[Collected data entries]

lemma skew_mult_eq_upto:
  assumes "degree f \<le> M"
  shows "skew_mult n s r f = skew_mult_upto n s r M f"
  unfolding skew_mult_def skew_mult_upto_def
  by (intro sum.cong refl sum.mono_neutral_left) (use assms in \<open>auto simp: coeff_eq_0 A_mult_def\<close>)

lemma skew_mult_upto_add:
  "skew_mult_upto n s r M (f + g) = skew_mult_upto n s r M f + skew_mult_upto n s r M g"
  unfolding skew_mult_upto_def A_mult_def
  by (simp add: distrib_left poly_mod_add_left add_monom[symmetric] sum.distrib)

lemma skew_mult_upto_sum:
  "skew_mult_upto n s r M (\<Sum>x\<in>X. f x) = (\<Sum>x\<in>X. skew_mult_upto n s r M (f x))"
proof (induction X rule: infinite_finite_induct)
  case (insert x F)
  then show ?case
    by (simp add: skew_mult_upto_add)
qed (simp_all add: skew_mult_upto_def A_mult_def)

lemma skew_mult_upto_monom:
  assumes "t \<le> M"
  shows "skew_mult_upto n s r M (monom a t) =
    (\<Sum>i\<le>degree r. monom (A_mult n ((s ^^ t) (coeff r i)) a) (i + t))"
  unfolding skew_mult_upto_def
proof (intro sum.cong refl)
  fix i
  have "monom (A_mult n ((s ^^ j) (coeff r i)) (coeff (monom a t) j)) (i + j)
      = (if j = t then monom (A_mult n ((s ^^ t) (coeff r i)) a) (i + t) else 0)" for j
    by (auto simp: A_mult_def)
  then show "(\<Sum>j\<le>M. monom (A_mult n ((s ^^ j) (coeff r i)) (coeff (monom a t) j)) (i + j))
      = monom (A_mult n ((s ^^ t) (coeff r i)) a) (i + t)"
    using assms by simp
qed

lemma skew_mult_pmap_uG:
  assumes "\<alpha> ^ n = 1" "0 < n" "r \<in> skew_carr n"
  shows "skew_mult n (sigma \<alpha> n) r (pmap_uG \<alpha> n \<delta> u) =
    pmap_uG \<alpha> n \<delta> (\<Sum>i\<le>degree r. \<Sum>k\<le>degree u. monom (coeff u k * poly (coeff r i) (\<alpha> ^ k)) (i + k))"
proof -
  let ?M = "degree u + \<delta>" and ?V = "vander_poly \<alpha> n"
  let ?c = "\<lambda>i k. coeff u k * poly (coeff r i) (\<alpha> ^ k)"
  have r: "degree (coeff r i) < n" for i
    using assms(3) by (simp add: skew_carr_def A_carr_def)
  have summand: "skew_mult_upto n (sigma \<alpha> n) r ?M (monom (smult (coeff u k) (?V \<nu>)) (k + \<nu>))
      = (\<Sum>i\<le>degree r. monom (smult (?c i k) (?V \<nu>)) (i + k + \<nu>))"
    if "k \<le> degree u" "\<nu> \<le> \<delta>" for k \<nu>
    using that
    by (simp add: skew_mult_upto_monom A_mult_smult_right
      A_mult_funpow_sigma_vander_poly[OF assms(1,2) r] add.assoc)
  have "skew_mult n (sigma \<alpha> n) r (pmap_uG \<alpha> n \<delta> u)
      = skew_mult_upto n (sigma \<alpha> n) r ?M (pmap_uG \<alpha> n \<delta> u)"
    by (rule skew_mult_eq_upto) (rule degree_pmap_uG_le)
  also have "\<dots> = (\<Sum>k\<le>degree u. \<Sum>\<nu>\<le>\<delta>. \<Sum>i\<le>degree r. monom (smult (?c i k) (?V \<nu>)) (i + k + \<nu>))"
    by (simp add: pmap_uG_expand[of \<alpha> n \<delta> u] skew_mult_upto_sum summand)
  also have "\<dots> = (\<Sum>i\<le>degree r. \<Sum>k\<le>degree u. \<Sum>\<nu>\<le>\<delta>. monom (smult (?c i k) (?V \<nu>)) (i + k + \<nu>))"
    by (subst sum.swap, rule sum.cong[OF refl], rule sum.swap)
  also have "\<dots> = pmap_uG \<alpha> n \<delta> (\<Sum>i\<le>degree r. \<Sum>k\<le>degree u. monom (?c i k) (i + k))"
    by (simp add: pmap_uG_sum pmap_uG_monom)
  finally show ?thesis .
qed

lemma sigma_cyclic_image_row_Grow:
  assumes "\<alpha> ^ n = 1" "0 < n"
  shows "sigma_cyclic n (sigma \<alpha> n) (image_row (Grow \<alpha> n \<delta>))"
proof -
  have image: "pmap n ` image_row (Grow \<alpha> n \<delta>) = range (pmap_uG \<alpha> n \<delta>)"
    by (auto simp: image_row_def pmap_uG_def)
  show ?thesis
    unfolding sigma_cyclic_def left_ideal_def image
  proof (intro conjI ballI)
    show "range (pmap_uG \<alpha> n \<delta>) \<subseteq> skew_carr n"
      using degree_coeff_pmap[OF assms(2)] by (auto simp: skew_carr_def A_carr_def pmap_uG_def)
    show "0 \<in> range (pmap_uG \<alpha> n \<delta>)"
      by (metis pmap_uG_0 rangeI)
    fix f assume "f \<in> range (pmap_uG \<alpha> n \<delta>)"
    then obtain u where f: "f = pmap_uG \<alpha> n \<delta> u"
      by blast
    show "- f \<in> range (pmap_uG \<alpha> n \<delta>)"
      unfolding f by (metis pmap_uG_uminus rangeI)
    show "f + g \<in> range (pmap_uG \<alpha> n \<delta>)" if "g \<in> range (pmap_uG \<alpha> n \<delta>)" for g
      using that unfolding f by (auto simp flip: pmap_uG_add)
    show "skew_mult n (sigma \<alpha> n) r f \<in> range (pmap_uG \<alpha> n \<delta>)" if "r \<in> skew_carr n" for r
      unfolding f skew_mult_pmap_uG[OF assms that] by (rule rangeI)
  qed
qed

subsection \<open>\<open>G\<close> generates an \<open>(n, 1, \<delta>)\<close> convolutional code\<close>

lemma coeff_Grow: "i < n \<Longrightarrow> coeff (Grow \<alpha> n \<delta> i) k = (if k \<le> \<delta> then \<alpha> ^ (i * k) else 0)"
  by (simp add: Grow_def coeff_sum)

lemma degree_Grow_le: "degree (Grow \<alpha> n \<delta> i) \<le> \<delta>"
proof (cases "i < n")
  case True
  then show ?thesis
    by (intro degree_le) (simp add: coeff_Grow)
qed (simp add: Grow_def)

lemma degree_Grow: "i < n \<Longrightarrow> \<alpha> \<noteq> 0 \<Longrightarrow> degree (Grow \<alpha> n \<delta> i) = \<delta>"
  by (intro antisym degree_Grow_le le_degree) (simp add: coeff_Grow)

lemma sum_powers_root_of_unity:
  fixes \<alpha> :: "'a::field"
  assumes "\<alpha> ^ n = 1" "\<alpha> ^ k \<noteq> 1"
  shows "(\<Sum>i<n. \<alpha> ^ (i * k)) = 0"
proof -
  have "(\<Sum>i<n. \<alpha> ^ (i * k)) = (\<Sum>i<n. (\<alpha> ^ k) ^ i)"
    by (intro sum.cong refl) (metis power_mult mult.commute)
  also have "\<dots> = ((\<alpha> ^ k) ^ n - 1) / (\<alpha> ^ k - 1)"
    by (rule geometric_sum[OF assms(2)])
  also have "(\<alpha> ^ k) ^ n = 1"
    using assms(1) by (metis power_mult mult.commute power_one)
  finally show ?thesis
    by simp
qed
lemma sum_subst_coeff_upto_eq:
  assumes "j < 2 ^ l * Suc M" "j < 2 ^ l * Suc N"
  shows "(\<Sum>c=1..M. subst_coeff l c j) = (\<Sum>c=1..N. subst_coeff l c j)"
proof -
  have extend: "(\<Sum>c=1..M. subst_coeff l c j) = (\<Sum>c=1..max M N. subst_coeff l c j)"
    if M: "j < 2 ^ l * Suc M" for M N
  proof (rule sum.mono_neutral_left)
    show "\<forall>c\<in>{1..max M N} - {1..M}. subst_coeff l c j = 0"
    proof
      fix c assume "c \<in> {1..max M N} - {1..M}"
      then have "Suc M \<le> c" by auto
      then have "2 ^ l * Suc M \<le> 2 ^ l * c" by (rule mult_le_mono2)
      with M show "subst_coeff l c j = 0" by (intro subst_coeff_eq_0_if_less) simp
    qed
  qed auto
  show ?thesis
    using extend[OF assms(1), of N] extend[OF assms(2), of M] by (simp add: max.commute)
qed

lemma sum_subst_coeff_odd:
  assumes "j > 0"
  shows "(\<Sum>c\<in>{1..j} \<inter> {c. odd c}. subst_coeff l c j)
       = (\<Sum>c | odd c \<and> c dvd j. int (alpha_k l (j div c)))"
proof -
  have "(\<Sum>c\<in>{1..j} \<inter> {c. odd c}. subst_coeff l c j)
      = (\<Sum>c\<in>{1..j} \<inter> {c. odd c}. if c dvd j then int (alpha_k l (j div c)) else 0)"
    by (rule sum.cong) (auto simp: subst_coeff_odd zeta_row_def)
  also have "\<dots> = (\<Sum>c\<in>{c \<in> {1..j} \<inter> {c. odd c}. c dvd j}. int (alpha_k l (j div c)))"
    by (rule sum.inter_filter[symmetric]) simp
  also have "{c \<in> {1..j} \<inter> {c. odd c}. c dvd j} = {c. odd c \<and> c dvd j}"
    using assms by (auto simp: dvd_imp_le intro: Nat.gr0I)
  finally show ?thesis .
qed

lemma sum_subst_coeff_even:
  "(\<Sum>c\<in>{1..j} - {c. odd c}. subst_coeff l c j) = - (\<Sum>c=1..j. subst_coeff (Suc l) c j)"
proof -
  have "{1..j} - {c. odd c} = (*) 2 ` {1..j div 2}"
    by (auto elim!: evenE)
  then have "(\<Sum>c\<in>{1..j} - {c. odd c}. subst_coeff l c j)
      = (\<Sum>c=1..j div 2. subst_coeff l (2 * c) j)"
    by (simp add: sum.reindex inj_on_def)
  also have "\<dots> = - (\<Sum>c=1..j div 2. subst_coeff (Suc l) c j)"
    by (simp add: subst_coeff_double sum_negf)
  also have "(\<Sum>c=1..j div 2. subst_coeff (Suc l) c j) = (\<Sum>c=1..j. subst_coeff (Suc l) c j)"
  proof (rule sum_subst_coeff_upto_eq)
    have "j < 2 * Suc (j div 2)" by presburger
    also have "\<dots> \<le> 2 ^ Suc l * Suc (j div 2)" by (intro mult_le_mono1) simp
    finally show "j < 2 ^ Suc l * Suc (j div 2)" .
    have "j < Suc j" by simp
    also have "\<dots> \<le> 2 ^ Suc l * Suc j"
      using mult_le_mono1[of 1 "2 ^ Suc l" "Suc j"] by simp
    finally show "j < 2 ^ Suc l * Suc j" .
  qed
  finally show ?thesis .
qed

▶ _What needs to be done_: Return every line holding the word "open" from the records.

▶ _Written solution_:
  by (intro sum.cong refl sum.mono_neutral_left) (use assms in \<open>auto simp: coeff_eq_0 A_mult_def\<close>)
subsection \<open>\<open>G\<close> generates an \<open>(n, 1, \<delta>)\<close> convolutional code\<close>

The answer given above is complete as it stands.